[Stored data entries]
::::

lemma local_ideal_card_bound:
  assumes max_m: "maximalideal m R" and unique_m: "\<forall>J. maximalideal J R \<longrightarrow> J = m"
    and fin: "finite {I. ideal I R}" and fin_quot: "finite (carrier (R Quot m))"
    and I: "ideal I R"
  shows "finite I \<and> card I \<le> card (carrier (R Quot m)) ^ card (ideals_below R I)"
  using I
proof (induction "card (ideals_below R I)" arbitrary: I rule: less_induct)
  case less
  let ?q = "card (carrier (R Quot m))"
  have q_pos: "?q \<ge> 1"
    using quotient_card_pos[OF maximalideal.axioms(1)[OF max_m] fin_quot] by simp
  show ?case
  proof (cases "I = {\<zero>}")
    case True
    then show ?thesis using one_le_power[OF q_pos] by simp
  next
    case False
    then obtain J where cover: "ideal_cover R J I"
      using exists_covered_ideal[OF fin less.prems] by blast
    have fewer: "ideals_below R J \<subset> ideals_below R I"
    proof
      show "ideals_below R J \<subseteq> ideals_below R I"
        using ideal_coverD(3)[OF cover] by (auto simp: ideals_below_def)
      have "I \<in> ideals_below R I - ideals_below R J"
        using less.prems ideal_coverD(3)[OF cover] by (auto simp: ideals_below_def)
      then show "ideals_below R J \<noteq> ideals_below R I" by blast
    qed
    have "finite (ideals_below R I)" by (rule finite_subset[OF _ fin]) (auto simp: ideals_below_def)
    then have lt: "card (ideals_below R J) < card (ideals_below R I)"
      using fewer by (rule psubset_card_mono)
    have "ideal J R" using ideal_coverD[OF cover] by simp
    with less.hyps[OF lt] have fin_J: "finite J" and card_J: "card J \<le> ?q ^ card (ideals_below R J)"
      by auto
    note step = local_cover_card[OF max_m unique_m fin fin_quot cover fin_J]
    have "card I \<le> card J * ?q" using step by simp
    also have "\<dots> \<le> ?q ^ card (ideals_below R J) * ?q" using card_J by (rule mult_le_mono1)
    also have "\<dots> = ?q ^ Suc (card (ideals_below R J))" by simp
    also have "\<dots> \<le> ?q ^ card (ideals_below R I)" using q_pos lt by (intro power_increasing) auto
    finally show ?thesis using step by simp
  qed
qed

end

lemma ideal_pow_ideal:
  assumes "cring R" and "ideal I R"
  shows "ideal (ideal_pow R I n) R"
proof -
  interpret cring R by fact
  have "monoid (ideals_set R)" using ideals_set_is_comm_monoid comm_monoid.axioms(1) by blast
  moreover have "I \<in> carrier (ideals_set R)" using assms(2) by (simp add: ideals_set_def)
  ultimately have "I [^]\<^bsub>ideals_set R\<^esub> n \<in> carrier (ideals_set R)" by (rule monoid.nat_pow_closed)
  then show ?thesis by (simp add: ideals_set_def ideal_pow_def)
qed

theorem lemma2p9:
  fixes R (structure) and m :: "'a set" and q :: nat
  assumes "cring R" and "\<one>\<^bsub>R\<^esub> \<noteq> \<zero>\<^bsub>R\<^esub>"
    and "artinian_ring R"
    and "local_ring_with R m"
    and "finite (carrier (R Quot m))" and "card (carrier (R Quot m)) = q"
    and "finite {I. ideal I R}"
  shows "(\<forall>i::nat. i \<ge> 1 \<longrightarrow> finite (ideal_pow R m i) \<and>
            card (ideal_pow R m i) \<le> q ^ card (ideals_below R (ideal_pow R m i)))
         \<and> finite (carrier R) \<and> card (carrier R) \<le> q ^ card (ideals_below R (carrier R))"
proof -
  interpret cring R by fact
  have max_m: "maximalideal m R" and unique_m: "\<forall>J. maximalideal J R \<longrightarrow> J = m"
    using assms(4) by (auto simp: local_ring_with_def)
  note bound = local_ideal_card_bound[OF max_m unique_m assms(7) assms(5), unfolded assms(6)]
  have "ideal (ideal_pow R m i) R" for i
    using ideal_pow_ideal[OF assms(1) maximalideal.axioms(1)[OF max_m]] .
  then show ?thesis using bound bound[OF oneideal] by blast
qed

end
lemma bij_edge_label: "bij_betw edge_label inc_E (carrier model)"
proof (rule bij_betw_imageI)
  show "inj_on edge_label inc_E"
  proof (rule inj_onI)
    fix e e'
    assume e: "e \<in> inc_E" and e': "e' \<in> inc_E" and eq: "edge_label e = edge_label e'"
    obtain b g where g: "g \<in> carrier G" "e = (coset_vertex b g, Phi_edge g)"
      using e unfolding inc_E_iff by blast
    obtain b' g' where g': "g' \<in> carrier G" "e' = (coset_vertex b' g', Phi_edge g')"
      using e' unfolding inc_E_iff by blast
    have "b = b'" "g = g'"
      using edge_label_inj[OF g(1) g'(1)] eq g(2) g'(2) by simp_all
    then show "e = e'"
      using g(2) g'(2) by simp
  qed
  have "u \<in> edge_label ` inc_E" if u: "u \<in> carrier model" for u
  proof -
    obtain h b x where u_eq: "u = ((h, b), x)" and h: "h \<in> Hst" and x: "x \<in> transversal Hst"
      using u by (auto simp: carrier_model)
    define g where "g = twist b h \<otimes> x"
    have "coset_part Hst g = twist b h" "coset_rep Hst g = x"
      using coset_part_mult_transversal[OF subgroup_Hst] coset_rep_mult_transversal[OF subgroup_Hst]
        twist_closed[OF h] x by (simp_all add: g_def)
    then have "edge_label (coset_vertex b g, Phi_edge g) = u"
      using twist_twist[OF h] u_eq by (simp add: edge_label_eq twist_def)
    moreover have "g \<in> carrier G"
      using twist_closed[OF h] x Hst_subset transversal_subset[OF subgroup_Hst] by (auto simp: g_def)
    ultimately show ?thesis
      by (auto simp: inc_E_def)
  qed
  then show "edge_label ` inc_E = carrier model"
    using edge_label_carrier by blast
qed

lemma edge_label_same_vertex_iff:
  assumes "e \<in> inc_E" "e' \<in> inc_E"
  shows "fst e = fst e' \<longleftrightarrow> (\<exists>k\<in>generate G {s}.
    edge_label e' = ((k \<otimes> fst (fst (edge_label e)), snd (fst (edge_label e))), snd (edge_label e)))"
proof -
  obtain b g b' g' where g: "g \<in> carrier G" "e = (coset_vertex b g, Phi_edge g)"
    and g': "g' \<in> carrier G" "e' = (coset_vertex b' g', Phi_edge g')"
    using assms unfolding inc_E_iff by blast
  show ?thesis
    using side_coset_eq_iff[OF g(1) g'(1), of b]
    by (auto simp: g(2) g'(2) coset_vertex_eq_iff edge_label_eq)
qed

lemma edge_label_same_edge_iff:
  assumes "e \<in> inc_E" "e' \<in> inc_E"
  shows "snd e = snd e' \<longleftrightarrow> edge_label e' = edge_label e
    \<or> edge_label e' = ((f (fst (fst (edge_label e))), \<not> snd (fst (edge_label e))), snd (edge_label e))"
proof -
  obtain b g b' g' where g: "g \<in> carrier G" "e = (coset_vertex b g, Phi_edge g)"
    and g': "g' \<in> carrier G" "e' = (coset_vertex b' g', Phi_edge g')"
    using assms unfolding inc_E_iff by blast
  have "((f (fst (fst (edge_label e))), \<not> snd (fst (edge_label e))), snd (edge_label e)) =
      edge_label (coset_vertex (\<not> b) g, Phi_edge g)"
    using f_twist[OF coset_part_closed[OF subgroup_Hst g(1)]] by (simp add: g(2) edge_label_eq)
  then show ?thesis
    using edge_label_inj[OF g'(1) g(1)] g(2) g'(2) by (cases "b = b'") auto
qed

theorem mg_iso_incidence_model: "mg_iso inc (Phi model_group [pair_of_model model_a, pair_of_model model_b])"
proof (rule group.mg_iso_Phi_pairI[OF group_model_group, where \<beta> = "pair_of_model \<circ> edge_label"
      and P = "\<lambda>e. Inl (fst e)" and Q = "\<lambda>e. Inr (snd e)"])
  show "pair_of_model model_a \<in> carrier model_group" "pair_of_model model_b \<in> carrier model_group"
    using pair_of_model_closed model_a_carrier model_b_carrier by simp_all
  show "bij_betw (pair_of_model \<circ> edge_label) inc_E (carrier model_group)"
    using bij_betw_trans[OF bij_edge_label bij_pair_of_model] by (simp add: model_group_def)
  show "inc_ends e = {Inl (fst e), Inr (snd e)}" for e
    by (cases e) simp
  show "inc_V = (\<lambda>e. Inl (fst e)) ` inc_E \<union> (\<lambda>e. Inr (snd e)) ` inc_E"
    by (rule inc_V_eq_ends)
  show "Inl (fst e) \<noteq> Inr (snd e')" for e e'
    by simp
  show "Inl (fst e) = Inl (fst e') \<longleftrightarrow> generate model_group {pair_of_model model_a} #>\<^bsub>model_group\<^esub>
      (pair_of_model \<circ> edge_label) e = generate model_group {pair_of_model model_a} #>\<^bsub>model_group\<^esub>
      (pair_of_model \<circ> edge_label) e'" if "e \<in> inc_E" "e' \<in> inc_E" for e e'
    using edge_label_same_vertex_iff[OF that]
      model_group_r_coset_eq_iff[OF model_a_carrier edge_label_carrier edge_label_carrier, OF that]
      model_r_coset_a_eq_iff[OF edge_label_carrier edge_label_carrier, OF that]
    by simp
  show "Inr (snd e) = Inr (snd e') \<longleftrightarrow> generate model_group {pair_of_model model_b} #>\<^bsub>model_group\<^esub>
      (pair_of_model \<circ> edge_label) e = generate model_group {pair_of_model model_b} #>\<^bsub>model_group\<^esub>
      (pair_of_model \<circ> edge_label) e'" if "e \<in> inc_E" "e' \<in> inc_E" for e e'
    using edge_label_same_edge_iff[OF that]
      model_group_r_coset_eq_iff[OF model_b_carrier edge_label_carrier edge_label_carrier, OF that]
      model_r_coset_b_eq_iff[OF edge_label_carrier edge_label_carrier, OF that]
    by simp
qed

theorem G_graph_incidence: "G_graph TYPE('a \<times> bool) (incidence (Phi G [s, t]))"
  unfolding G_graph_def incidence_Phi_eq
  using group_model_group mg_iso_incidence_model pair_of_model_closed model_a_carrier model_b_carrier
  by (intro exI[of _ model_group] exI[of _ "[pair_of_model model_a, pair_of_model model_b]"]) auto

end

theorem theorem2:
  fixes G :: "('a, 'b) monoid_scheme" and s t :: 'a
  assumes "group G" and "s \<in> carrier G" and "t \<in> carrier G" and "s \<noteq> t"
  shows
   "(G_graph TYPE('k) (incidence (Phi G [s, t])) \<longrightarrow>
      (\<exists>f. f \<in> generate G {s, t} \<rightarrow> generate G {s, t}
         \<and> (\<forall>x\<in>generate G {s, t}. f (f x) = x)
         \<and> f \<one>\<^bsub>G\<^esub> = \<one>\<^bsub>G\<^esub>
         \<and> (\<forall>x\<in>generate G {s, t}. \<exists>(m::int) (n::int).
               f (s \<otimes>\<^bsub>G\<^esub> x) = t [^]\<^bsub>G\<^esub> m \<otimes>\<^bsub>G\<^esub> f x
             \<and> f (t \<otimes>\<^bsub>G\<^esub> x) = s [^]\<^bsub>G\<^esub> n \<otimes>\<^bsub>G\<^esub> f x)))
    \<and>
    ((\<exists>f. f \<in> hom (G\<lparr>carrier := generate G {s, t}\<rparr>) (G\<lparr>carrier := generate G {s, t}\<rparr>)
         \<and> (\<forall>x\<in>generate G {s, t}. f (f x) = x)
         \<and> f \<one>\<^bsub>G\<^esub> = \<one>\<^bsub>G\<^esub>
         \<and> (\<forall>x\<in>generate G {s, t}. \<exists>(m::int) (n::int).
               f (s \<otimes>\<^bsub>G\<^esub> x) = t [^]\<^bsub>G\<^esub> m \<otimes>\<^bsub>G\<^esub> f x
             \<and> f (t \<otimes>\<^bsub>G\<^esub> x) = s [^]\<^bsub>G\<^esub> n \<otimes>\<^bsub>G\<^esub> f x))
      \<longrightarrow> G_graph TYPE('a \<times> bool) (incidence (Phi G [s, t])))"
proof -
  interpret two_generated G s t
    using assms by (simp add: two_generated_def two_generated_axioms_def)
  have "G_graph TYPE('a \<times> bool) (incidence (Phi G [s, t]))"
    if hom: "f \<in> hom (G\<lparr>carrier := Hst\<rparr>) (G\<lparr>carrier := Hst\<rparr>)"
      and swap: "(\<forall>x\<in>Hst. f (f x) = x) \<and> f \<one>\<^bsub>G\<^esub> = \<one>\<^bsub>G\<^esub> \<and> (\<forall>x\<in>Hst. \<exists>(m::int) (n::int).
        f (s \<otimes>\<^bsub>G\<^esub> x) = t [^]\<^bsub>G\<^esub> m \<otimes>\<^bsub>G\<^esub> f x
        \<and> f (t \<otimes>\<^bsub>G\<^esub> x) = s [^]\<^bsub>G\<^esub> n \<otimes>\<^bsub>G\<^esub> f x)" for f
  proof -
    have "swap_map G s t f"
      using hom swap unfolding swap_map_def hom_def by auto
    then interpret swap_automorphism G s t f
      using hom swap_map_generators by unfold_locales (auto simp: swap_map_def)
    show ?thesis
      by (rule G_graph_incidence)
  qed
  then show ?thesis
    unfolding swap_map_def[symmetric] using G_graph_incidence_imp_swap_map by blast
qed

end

::::

-- Directions --
Whenever the string "longleftrightarrow" turns up in a line above, copy that line out.

-- Response for this exercise --
  shows "fst e = fst e' \<longleftrightarrow> (\<exists>k\<in>generate G {s}.
  shows "snd e = snd e' \<longleftrightarrow> edge_label e' = edge_label e
  show "Inl (fst e) = Inl (fst e') \<longleftrightarrow> generate model_group {pair_of_model model_a} #>\<^bsub>model_group\<^esub>
  show "Inr (snd e) = Inr (snd e') \<longleftrightarrow> generate model_group {pair_of_model model_b} #>\<^bsub>model_group\<^esub>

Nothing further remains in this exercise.